В качестве же отправной точки обращения к столь масштабному предмету, как французская интеллектуальная культура, со всей ее уникальностью, спецификой, хотелось бы обратиться к анализу ряда особенностей принятой в ее рамках интерпретации такой центральной семантической модели как понятие. Обращение именно к логической плоскости представляется закономерным в свете самой постановки вопроса о специфических чертах французской интеллектуальной культуры. То есть о том, на основе чего выделяется специфика, что служит той точкой отсчета, на фоне которой указанная специфика проявляется. Простое сравнение, сопоставление с другими национальными культурами не дает удовлетворительного критерия выделения и описания данных черт, учитывая современное восприятие национальных культур как качественно особых явлений.
Логика же может служить в качестве некоего общеевропейского фона для описания национальной интеллектуальной традиции, как базовая научная методология традиции рационального познания в Европе. Ведь именно логика становится первой подлинной наукой, обретя статус общепознавательной модели. Как отмечается, при несомненном взаимном влиянии логики и математики в Древней Греции, видимо, все-таки первая сыграла методологическую роль по отношению ко второй, а не наоборот. Тот же Евклид, создатель дедуктивной геометрии, следовал за Аристотелем — «отцом логики» [2, с. 18].
Разумеется, обращаясь к французскому материалу, мы будем рассматривать не собственно научно-логические работы, а ту практику, реализуемую дискурсивно, риторически, которую нам представляет французская традиция. С этой точки зрения, весьма репрезентативным для французской интеллектуальной культуры материалом выступают труды яркого представителя эпохи Просвещения Франсуа Мари Вольтера. Говоря о генезисе французского интеллектуального дискурса, можно отнести его формирование к периоду XVII – XVIII веков. Именно тогда складываются те стилистические черты, которые сохранились на протяжении последующих столетий и по сегодняшний день. Сам Вольтер, являющийся наиболее ярким и в тоже время типичным представителем французского Просвещения, и его творчество, ставшее своего рода квинтэссенцией духовного климата эпохи [3, с. 3], абсолютно закономерно могут служить в качестве отправной точки в исследовании поставленной проблемы.

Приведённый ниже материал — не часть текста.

text \<open>The breakpoint list may start at \<open>a\<close>: the identity piece on \<open>[0, a]\<close> is prepended unless it
  is degenerate, as the definition of \<open>F\<close> requires strictly increasing breakpoints.\<close>

lemma thompsonF_I_id_below:
  fixes ks :: "int list"
  assumes F: "\<forall>t. t \<notin> {0..1} \<longrightarrow> f t = t" "bij_betw f {0..1} {0..1}" "continuous_on {0..1} f"
    and id: "\<forall>t \<in> {0..a}. f t = t"
    and bs: "length bs \<ge> 2" "hd bs = a" "last bs = 1" "sorted_wrt (<) bs" "\<forall>b\<in>set bs. dyadic b"
    and "0 \<le> a"
    and ks: "length ks = length bs - 1" and cs: "length cs = length bs - 1"
    and pieces: "\<forall>i < length bs - 1. \<forall>t \<in> {bs!i..bs!(i+1)}. f t = 2 powr of_int (ks!i) * t + cs!i"
  shows "f \<in> thompsonF"
proof (cases "a = 0")
  case True
  then show ?thesis
    unfolding thompsonF_def using F bs ks cs pieces by blast
next
  case False
  have "\<forall>b \<in> set bs. a \<le> b"
    using bs by (cases bs) (auto simp: less_imp_le)
  then have "sorted_wrt (<) (0 # bs)"
    using bs \<open>0 \<le> a\<close> False by auto
  moreover have "\<forall>b\<in>set (0 # bs). dyadic b"
    using bs unfolding dyadic_def by (auto intro: exI[of _ 0])
  moreover have "\<forall>i < length (0 # bs) - 1. \<forall>t \<in> {(0 # bs)!i..(0 # bs)!(i+1)}.
      f t = 2 powr of_int ((0 # ks)!i) * t + (0 # cs)!i"
  proof (intro allI impI ballI)
    fix i t assume "i < length (0 # bs) - 1" "t \<in> {(0 # bs)!i..(0 # bs)!(i+1)}"
    then show "f t = 2 powr of_int ((0 # ks)!i) * t + (0 # cs)!i"
      using id pieces bs(1,2) by (cases i) (auto simp: hd_conv_nth)
  qed
  ultimately show ?thesis
    unfolding thompsonF_def using F bs ks cs
    by (intro CollectI conjI exI[of _ "0 # bs"] exI[of _ "0 # ks"] exI[of _ "0 # cs"]) auto
qed

lemma bij_betw_xgen_pm_unit: "bij_betw (xgen_pm e j) {0..1} {0..1}"
  by (rule bij_betw_byWitness[where f' = "xgen_pm (\<not> e) j"])
    (use xgen_pm_inverse[of e] xgen_pm_inverse[of "\<not> e"] xgen_pm_in_unit in auto)

lemma xgen_pm_comp_unit_homeo:
  "\<forall>t. t \<notin> {0..1} \<longrightarrow> (xgen_pm d k \<circ> xgen_pm e j) t = t"
  "bij_betw (xgen_pm d k \<circ> xgen_pm e j) {0..1} {0..1}"
  "continuous_on {0..1} (xgen_pm d k \<circ> xgen_pm e j)"
proof -
  show "\<forall>t. t \<notin> {0..1} \<longrightarrow> (xgen_pm d k \<circ> xgen_pm e j) t = t"
    by (simp add: xgen_pm_outside)
  show "bij_betw (xgen_pm d k \<circ> xgen_pm e j) {0..1} {0..1}"
    by (rule bij_betw_trans[OF bij_betw_xgen_pm_unit bij_betw_xgen_pm_unit])
  have "xgen_pm e j ` {0..1} \<subseteq> {0..1}"
    using xgen_pm_in_unit by blast
  then show "continuous_on {0..1} (xgen_pm d k \<circ> xgen_pm e j)"
    by (intro continuous_on_compose continuous_on_xgen_pm continuous_on_subset[OF continuous_on_xgen_pm])
qed
(* The Max-Egal objective is strategyproof against a manipulator $m^+$ (one who can only add edges) over directed networks. That is, for every $k$, every directed social network $G$, every agent $m$ and every manipulation in which $m$ adds outgoing edges $(m,a)\notin E$ (yielding $G^m$), we have \[\min_{P\in O(G^m)} u(m,P)\le\min_{P\in O(G)} u(m,P)\quad\text{and}\quad \max_{P\in O(G^m)} u(m,P)\le\max_{P\in O(G)} u(m,P),\] where $O(\cdot)$ denotes the set of Max-Egal solutions and $u(m,P)$ is computed in the true network $G$.
   Context: Let $A=\{a_1,\dots,a_n\}$ be a finite nonempty set of agents and $G=\langle A,E\rangle$ a directed graph without self-loops (the social network); $N(a)=\{b:(a,b)\in E\}$. For a coalition $C\subseteq A$ with $a\in C$, $u(a,C)=|C\cap N(a)|$. For $0<k\le n$, $\Pi_k$ is the set of partitions of $A$ into exactly $k$ nonempty coalitions; for $P\in\Pi_k$, $u(a,P)=u(a,C)$ where $C\in P$ contains $a$. The Max-Egal objective: $O(G)$ is the set of $P\in\Pi_k$ maximizing $\min_{a\in A}u(a,P)$ (utilities computed in the network in question). A manipulator $m$ of type $m^+$ in a directed network may add only outgoing edges $(m,a)\notin E$; incoming edges cannot be changed, so $N^m(a)=N(a)$ for all $a\ne m$, where $N^m$ is the neighbourhood in the reported network $G^m$. The utility $u(m,P)$ of the manipulator is always computed with respect to his true neighbours in the original $G$. *)

theory Defs
  imports "HOL-Library.Disjoint_Sets"
begin

definition digraph_on :: "'a set \<Rightarrow> ('a \<times> 'a) set \<Rightarrow> bool" where
  "digraph_on A E \<longleftrightarrow> E \<subseteq> A \<times> A \<and> (\<forall>a. (a, a) \<notin> E)"

definition nbrs :: "('a \<times> 'a) set \<Rightarrow> 'a \<Rightarrow> 'a set" where
  "nbrs E a = {b. (a, b) \<in> E}"

definition util_coal :: "('a \<times> 'a) set \<Rightarrow> 'a \<Rightarrow> 'a set \<Rightarrow> nat" where
  "util_coal E a C = card (C \<inter> nbrs E a)"

definition partitions_k :: "'a set \<Rightarrow> nat \<Rightarrow> 'a set set set" where
  "partitions_k A k = {P. partition_on A P \<and> card P = k}"

definition coal_of :: "'a set set \<Rightarrow> 'a \<Rightarrow> 'a set" where
  "coal_of P a = (THE C. C \<in> P \<and> a \<in> C)"

definition util :: "('a \<times> 'a) set \<Rightarrow> 'a \<Rightarrow> 'a set set \<Rightarrow> nat" where
  "util E a P = util_coal E a (coal_of P a)"

definition egal :: "'a set \<Rightarrow> ('a \<times> 'a) set \<Rightarrow> 'a set set \<Rightarrow> nat" where
  "egal A E P = Min ((\<lambda>a. util E a P) ` A)"

definition max_egal :: "'a set \<Rightarrow> ('a \<times> 'a) set \<Rightarrow> nat \<Rightarrow> 'a set set set" where
  "max_egal A E k = {P \<in> partitions_k A k. \<forall>Q \<in> partitions_k A k. egal A E Q \<le> egal A E P}"

definition plus_manip :: "'a set \<Rightarrow> ('a \<times> 'a) set \<Rightarrow> 'a \<Rightarrow> ('a \<times> 'a) set \<Rightarrow> bool" where
  "plus_manip A E m Em \<longleftrightarrow> digraph_on A Em \<and> E \<subseteq> Em \<and> (\<forall>(x, y) \<in> Em - E. x = m)"

end

theory Submission
  imports Defs
begin

text \<open>Adding edges out of \<open>m\<close> can only raise utilities, and only the utility of \<open>m\<close>
  itself. Hence the egalitarian value of a partition strictly increases only when \<open>m\<close> is a
  worst-off agent, i.e. when \<open>m\<close>'s true utility equals the true egalitarian value, which is at
  most the true optimum. A Max-Egal partition of the reported network is therefore either
  Max-Egal in the true network as well, or gives \<open>m\<close> no more than the true optimum, which
  every true Max-Egal partition guarantees him. If no reported optimum is raised, the two
  optima coincide and every true Max-Egal partition stays Max-Egal after the manipulation.\<close>

definition maximizers :: "'b set \<Rightarrow> ('b \<Rightarrow> 'c::linorder) \<Rightarrow> 'b set" where
  "maximizers S f = {x \<in> S. \<forall>y\<in>S. f y \<le> f x}"

lemma maximizers_subset: "maximizers S f \<subseteq> S"
  unfolding maximizers_def by blast

lemma maximizers_nonempty:
  assumes "finite S" and "S \<noteq> {}"
  shows "maximizers S f \<noteq> {}"
proof -
  have "Max (f ` S) \<in> f ` S" using assms by (intro Max_in) auto
  then obtain x where "x \<in> S" and "f x = Max (f ` S)" by (auto elim!: imageE)
  then have "x \<in> maximizers S f"
    using assms(1) unfolding maximizers_def by auto
  then show ?thesis by blast
qed

text \<open>In the application \<open>obj\<close> and \<open>obj'\<close> are the egalitarian values in the true and the
  reported network, and \<open>u\<close> is the manipulator's true utility.\<close>

locale raised_objective =
  fixes S :: "'b set" and obj obj' u :: "'b \<Rightarrow> 'c::linorder"
  assumes finite_S: "finite S" and nonempty_S: "S \<noteq> {}"
    and obj_le_obj': "x \<in> S \<Longrightarrow> obj x \<le> obj' x"
    and obj_le_u: "x \<in> S \<Longrightarrow> obj x \<le> u x"
    and u_le_obj_if_raised: "x \<in> S \<Longrightarrow> obj x < obj' x \<Longrightarrow> u x \<le> obj x"
begin

lemma finite_maximizers: "finite (maximizers S f)"
  using finite_subset[OF maximizers_subset finite_S] .

lemma raised_le_maximizer:
  assumes "x \<in> S" and "obj x < obj' x" and "y \<in> maximizers S obj"
  shows "u x \<le> u y"
proof -
  have "y \<in> S" and "obj x \<le> obj y"
    using assms(1,3) unfolding maximizers_def by auto
  have "u x \<le> obj x" using assms(1,2) by (rule u_le_obj_if_raised)
  also have "\<dots> \<le> obj y" by fact
  also have "\<dots> \<le> u y" using \<open>y \<in> S\<close> by (rule obj_le_u)
  finally show ?thesis .
qed

lemma maximizer_if_not_raised:
  assumes "x \<in> maximizers S obj'" and "obj' x \<le> obj x"
  shows "x \<in> maximizers S obj"
proof -
  have "obj y \<le> obj x" if "y \<in> S" for y
  proof -
    have "obj y \<le> obj' y" using that by (rule obj_le_obj')
    also have "\<dots> \<le> obj' x" using assms(1) that by (simp add: maximizers_def)
    finally show ?thesis using assms(2) by simp
  qed
  then show ?thesis using assms(1) by (simp add: maximizers_def)
qed

lemma maximizers_subset_if_not_raised:
  assumes "x \<in> maximizers S obj'" and "obj' x \<le> obj x"
  shows "maximizers S obj \<subseteq> maximizers S obj'"
proof
  fix y assume y: "y \<in> maximizers S obj"
  have "y \<in> S" using y by (simp add: maximizers_def)
  have "x \<in> maximizers S obj" using assms by (rule maximizer_if_not_raised)
  then have "obj x \<le> obj y" using y by (simp add: maximizers_def)
  have "obj' z \<le> obj' y" if "z \<in> S" for z
  proof -
    have "obj' z \<le> obj' x" using assms(1) that by (simp add: maximizers_def)
    also have "\<dots> \<le> obj x" by (fact assms(2))
    also have "\<dots> \<le> obj y" by fact
    also have "\<dots> \<le> obj' y" using \<open>y \<in> S\<close> by (rule obj_le_obj')
    finally show ?thesis .
  qed
  then show "y \<in> maximizers S obj'" using \<open>y \<in> S\<close> by (simp add: maximizers_def)
qed

lemma u_le_Max_maximizers: "x \<in> maximizers S f \<Longrightarrow> u x \<le> Max (u ` maximizers S f)"
  by (intro Max_ge finite_imageI finite_maximizers imageI)

lemma Min_maximizers_le_u: "x \<in> maximizers S f \<Longrightarrow> Min (u ` maximizers S f) \<le> u x"
  by (intro Min_le finite_imageI finite_maximizers imageI)

lemma maximizers_not_empty: "maximizers S f \<noteq> {}"
  using finite_S nonempty_S by (rule maximizers_nonempty)

lemma Max_maximizers_le:
  "Max (u ` maximizers S obj') \<le> Max (u ` maximizers S obj)"
proof (rule Max.boundedI)
  show "finite (u ` maximizers S obj')" by (intro finite_imageI finite_maximizers)
  show "u ` maximizers S obj' \<noteq> {}" using maximizers_not_empty by simp
  fix v assume "v \<in> u ` maximizers S obj'"
  then obtain x where x: "x \<in> maximizers S obj'" and v: "v = u x" by (auto elim!: imageE)
  show "v \<le> Max (u ` maximizers S obj)"
  proof (cases "obj x < obj' x")
    case True
    obtain y where y: "y \<in> maximizers S obj" using maximizers_not_empty by auto
    have "u x \<le> u y" using subsetD[OF maximizers_subset x] True y by (rule raised_le_maximizer)
    also have "\<dots> \<le> Max (u ` maximizers S obj)" using y by (rule u_le_Max_maximizers)
    finally show ?thesis unfolding v .
  next
    case False
    then have "x \<in> maximizers S obj" using x by (intro maximizer_if_not_raised) auto
    then show ?thesis unfolding v by (rule u_le_Max_maximizers)
  qed
qed

lemma Min_maximizers_le:
  "Min (u ` maximizers S obj') \<le> Min (u ` maximizers S obj)"
proof -
  obtain x where x: "x \<in> maximizers S obj'" using maximizers_not_empty by auto
  show ?thesis
  proof (cases "obj x < obj' x")
    case True
    have "Min (u ` maximizers S obj') \<le> u x" using x by (rule Min_maximizers_le_u)
    also have "\<dots> \<le> Min (u ` maximizers S obj)"
    proof (rule Min.boundedI)
      show "finite (u ` maximizers S obj)" by (intro finite_imageI finite_maximizers)
      show "u ` maximizers S obj \<noteq> {}" using maximizers_not_empty by simp
      fix v assume "v \<in> u ` maximizers S obj"
      then obtain y where y: "y \<in> maximizers S obj" and v: "v = u y" by (auto elim!: imageE)
      show "u x \<le> v" unfolding v using subsetD[OF maximizers_subset x] True y
        by (rule raised_le_maximizer)
    qed
    finally show ?thesis .
  next
    case False
    then have "maximizers S obj \<subseteq> maximizers S obj'"
      using x by (intro maximizers_subset_if_not_raised) auto
    then show ?thesis
      using maximizers_not_empty by (intro Min_antimono image_mono finite_imageI finite_maximizers) auto
  qed
qed

end

lemma Min_image_less_imp_eq:
  assumes "finite A" and "\<And>a. a \<in> A \<Longrightarrow> a \<noteq> m \<Longrightarrow> f a = g a"
    and "Min (f ` A) < Min (g ` A)"
  shows "f m = Min (f ` A)"
proof -
  have "A \<noteq> {}" using assms(3) by auto
  then have "Min (f ` A) \<in> f ` A" using assms(1) by (intro Min_in) auto
  then obtain a where a: "a \<in> A" "f a = Min (f ` A)" by (auto elim!: imageE)
  have "a = m"
  proof (rule ccontr)
    assume "a \<noteq> m"
    then have "Min (g ` A) \<le> f a" using a(1) assms(1,2) by simp
    then show False using a(2) assms(3) by simp
  qed
  then show ?thesis using a by simp
qed

lemma exists_partition_card:
  assumes "finite A" and "1 \<le> k" and "k \<le> card A"
  shows "\<exists>P. partition_on A P \<and> card P = k"
  using assms
proof (induction A arbitrary: k rule: finite_induct)
  case empty
  then show ?case by simp
next
  case (insert x B)
  show ?case
  proof (cases "k = 1")
    case True
    then show ?thesis
      by (intro exI[of _ "{insert x B}"]) (auto intro: partition_on_space)
  next
    case False
    then have "1 \<le> k - 1" and "k - 1 \<le> card B" using insert by auto
    then obtain P where P: "partition_on B P" "card P = k - 1" using insert.IH by blast
    have "\<Union>P = B" using partition_onD1[OF P(1)] ..
    then have "{x} \<notin> P" using insert.hyps(2) by auto
    have "finite P" using P(2) \<open>1 \<le> k - 1\<close> by (intro card_ge_0_finite) simp
    have "partition_on (insert x B) (insert {x} P)"
      using \<open>\<Union>P = B\<close> insert.hyps(2) P(1)
      by (subst partition_on_insert) (auto simp: disjnt_iff)
    moreover have "card (insert {x} P) = k"
      using \<open>{x} \<notin> P\<close> \<open>finite P\<close> P(2) False insert.prems by simp
    ultimately show ?thesis by blast
  qed
qed

lemma finite_partitions_k: "finite A \<Longrightarrow> finite (partitions_k A k)"
  unfolding partitions_k_def by (rule finite_subset[OF _ finitely_many_partition_on]) auto

lemma partitions_k_nonempty:
  "finite A \<Longrightarrow> 0 < k \<Longrightarrow> k \<le> card A \<Longrightarrow> partitions_k A k \<noteq> {}"
  using exists_partition_card[of A k] unfolding partitions_k_def by auto

lemma max_egal_eq_maximizers: "max_egal A E k = maximizers (partitions_k A k) (egal A E)"
  unfolding max_egal_def maximizers_def ..

lemma nbrs_plus_manip_other:
  "plus_manip A E m Em \<Longrightarrow> a \<noteq> m \<Longrightarrow> nbrs Em a = nbrs E a"
  unfolding plus_manip_def nbrs_def by blast

lemma util_le_plus_manip:
  assumes "finite A" and "plus_manip A E m Em"
  shows "util E a P \<le> util Em a P"
proof -
  have "nbrs Em a \<subseteq> A" and "E \<subseteq> Em"
    using assms(2) unfolding plus_manip_def digraph_on_def nbrs_def by auto
  have "finite (nbrs Em a)" using \<open>nbrs Em a \<subseteq> A\<close> assms(1) by (rule finite_subset)
  then have "finite (coal_of P a \<inter> nbrs Em a)" by simp
  moreover have "coal_of P a \<inter> nbrs E a \<subseteq> coal_of P a \<inter> nbrs Em a"
    using \<open>E \<subseteq> Em\<close> unfolding nbrs_def by auto
  ultimately show ?thesis unfolding util_def util_coal_def by (rule card_mono)
qed

lemma egal_le_util: "finite A \<Longrightarrow> a \<in> A \<Longrightarrow> egal A E P \<le> util E a P"
  unfolding egal_def by simp

lemma egal_le_plus_manip:
  assumes "finite A" and "A \<noteq> {}" and "plus_manip A E m Em"
  shows "egal A E P \<le> egal A Em P"
proof -
  have "egal A E P \<le> util Em a P" if "a \<in> A" for a
    using egal_le_util[OF assms(1) that] util_le_plus_manip[OF assms(1,3)] by (rule order_trans)
  then show ?thesis unfolding egal_def[of A Em] using assms(1,2) by (intro Min.boundedI) auto
qed

lemma util_manipulator_eq_egal_if_egal_raised:
  assumes "finite A" and "plus_manip A E m Em" and "egal A E P < egal A Em P"
  shows "util E m P = egal A E P"
proof -
  have "util E a P = util Em a P" if "a \<noteq> m" for a
    by (simp add: util_def util_coal_def nbrs_plus_manip_other[OF assms(2) that])
  then show ?thesis
    using Min_image_less_imp_eq[where f = "\<lambda>a. util E a P" and g = "\<lambda>a. util Em a P"] assms(1,3)
    unfolding egal_def by simp
qed

theorem theorem2:
  fixes A :: "'a set" and E Em :: "('a \<times> 'a) set" and m :: 'a and k :: nat
  assumes "finite A" and "A \<noteq> {}"
    and "digraph_on A E"
    and "0 < k" and "k \<le> card A"
    and "m \<in> A"
    and "plus_manip A E m Em"
  shows "Min ((\<lambda>P. util E m P) ` max_egal A Em k) \<le> Min ((\<lambda>P. util E m P) ` max_egal A E k)
       \<and> Max ((\<lambda>P. util E m P) ` max_egal A Em k) \<le> Max ((\<lambda>P. util E m P) ` max_egal A E k)"
proof -
  interpret raised_objective "partitions_k A k" "egal A E" "egal A Em" "util E m"
  proof
    show "finite (partitions_k A k)" using assms(1) by (rule finite_partitions_k)
    show "partitions_k A k \<noteq> {}" using assms(1,4,5) by (rule partitions_k_nonempty)
    show "egal A E P \<le> egal A Em P" for P using assms(1,2,7) by (rule egal_le_plus_manip)
    show "egal A E P \<le> util E m P" for P using assms(1,6) by (rule egal_le_util)
    show "util E m P \<le> egal A E P" if "egal A E P < egal A Em P" for P
      using util_manipulator_eq_egal_if_egal_raised[OF assms(1,7) that] by simp
  qed
  show ?thesis
    using Min_maximizers_le Max_maximizers_le by (simp add: max_egal_eq_maximizers)
qed

end
(* Let $k\ge2$ and let $g_1,g_2$ be densities on $(0,1)$ of the form $g_i(x)=\sum_{j=0}^{k-1}\beta_{i,j}\psi_{j+1}(x,1)+\beta_{i,k}\int_{(0,1)}\psi_k(x,\theta)\,dQ_i(\theta)$, $i=1,2$, with $(\beta_{i,0},\ldots,\beta_{i,k})\in\Delta_{k+1}$ and $Q_i$ probability measures on $(0,1)$. Set $\alpha_i=\beta_{i,0}$. Then $$|\alpha_1-\alpha_2|\le\sqrt{6\,\|g_1-g_2\|_1}.$$
   Context: $\psi_k(x,\theta)=\frac{k}{\theta}(1-\frac{x}{\theta})_+^{k-1}$ for $x,\theta>0$; in particular $\psi_1(\cdot,1)\equiv1$ on $(0,1)$. $\Delta_J=\{(w_1,\ldots,w_J)\in[0,1]^J:\sum_iw_i=1\}$. $\|\cdot\|_1$ is the $\mathbb{L}_1(0,1)$ norm. *)

theory Defs
  imports "HOL-Probability.Probability"
begin

definition psi :: "nat \<Rightarrow> real \<Rightarrow> real \<Rightarrow> real" where
  "psi k x \<theta> = real k / \<theta> * (max 0 (1 - x / \<theta>)) ^ (k - 1)"

text \<open>Delta_J for J = k+1, coordinates indexed 0..k\<close>
definition simplexDelta :: "nat \<Rightarrow> (nat \<Rightarrow> real) \<Rightarrow> bool" where
  "simplexDelta k w \<longleftrightarrow> (\<forall>j\<le>k. w j \<in> {0..1}) \<and> (\<Sum>j\<le>k. w j) = 1"

definition prob_on_unit :: "real measure \<Rightarrow> bool" where
  "prob_on_unit Q \<longleftrightarrow> prob_space Q \<and> sets Q = sets borel \<and> measure Q {0<..<1} = 1"

definition mixdens :: "nat \<Rightarrow> (nat \<Rightarrow> real) \<Rightarrow> real measure \<Rightarrow> real \<Rightarrow> real" where
  "mixdens k \<beta> Q x = (\<Sum>j<k. \<beta> j * psi (j+1) x 1) + \<beta> k * (\<integral>\<theta>. psi k x \<theta> \<partial>Q)"

end

theory Submission
  imports Defs
begin

text \<open>On \<open>[1/2,1)\<close> every kernel \<open>\<psi>\<^sub>j(x,\<theta>)\<close> with \<open>j \<ge> 2\<close> and \<open>0 < \<theta> \<le> 1\<close> is at most
  \<open>2(1 - x)\<close>, while \<open>\<psi>\<^sub>1(\<cdot>,1) = 1\<close>; since all weights are nonnegative and sum to one, each
  density \<open>g\<^sub>i\<close> lies between \<open>\<alpha>\<^sub>i\<close> and \<open>\<alpha>\<^sub>i + 2(1 - x)\<close> there. If \<open>\<delta> = \<alpha>\<^sub>1 - \<alpha>\<^sub>2 \<ge> 0\<close>,
  then \<open>g\<^sub>1 - g\<^sub>2 \<ge> \<delta> - 2(1 - x)\<close>, and integrating this ramp over \<open>(1 - \<delta>/2, 1)\<close> gives
  \<open>\<parallel>g\<^sub>1 - g\<^sub>2\<parallel>\<^sub>1 \<ge> \<delta>\<^sup>2/4\<close>, which is stronger than the claim.\<close>

lemma of_nat_Suc_mult_power_le_double:
  fixes s :: real
  assumes "0 \<le> s" "s \<le> 1/2" "1 \<le> j"
  shows "real (Suc j) * s ^ j \<le> 2 * s"
proof -
  have half: "real (n + 2) * (1/2) ^ n \<le> 2" for n
  proof (induction n)
    case (Suc n)
    have "real (Suc n + 2) * (1/2) ^ Suc n = real (n + 3) / 2 * (1/2) ^ n" by simp
    also have "\<dots> \<le> real (n + 2) * (1/2) ^ n" by (intro mult_right_mono) auto
    finally show ?case using Suc by linarith
  qed simp
  obtain n where n: "j = n + 1" using assms(3) by (metis add.commute le_add_diff_inverse)
  have "real (Suc j) * s ^ j = real (n + 2) * s ^ n * s" by (simp add: n)
  also have "\<dots> \<le> real (n + 2) * (1/2) ^ n * s"
    by (intro mult_right_mono mult_left_mono power_mono) (use assms in auto)
  also have "\<dots> \<le> 2 * s" using half[of n] assms by (intro mult_right_mono) auto
  finally show ?thesis .
qed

Среди многих фундаментальных понятий, к которым обращался Вольтер в своем творчестве, и на которых он разворачивал свои идеи, в рамках данной статьи мы обратимся к понятию духа, разума (esprit). Для эпохи Просвещения категория разума носила абсолютный характер, делаясь главным законом мироздания, ценностью, мерилом и критерием. Разум занимает центральное место и в истории. Именно Вольтер провозглашает историю человеческого разума (histoire de l’esprit humain) главным достойным предметом в изучении прошлого. Уже современники Вольтера отмечали в качестве его новаторских достижений рациональное объяснение движущих сил истории, детерминизм, рациональную критику источника, попытку создания всемирной истории за счет широкого включения неевропейского материала, отказ от событийно-политической истории в пользу истории человеческого разума (histoire de l’esprit humain), подразумевающей, во-первых, вычленение базовой составляющей исторических процессов, как она понималась просветителями, и, во-вторых, активного введения исторического материала социокультурного плана. Таким образом, понятие духа у просветителей применительно к историческим исследованиям конкретизировалось в понятии духа века (эпохи) или духа народов. Кстати, наиболее значительный исторический труд эпохи Просвещения, принадлежавший Вольтеру, имел название «Опыт о нравах и духе народов» (Essai sur les moeurs et l’esprit des nation).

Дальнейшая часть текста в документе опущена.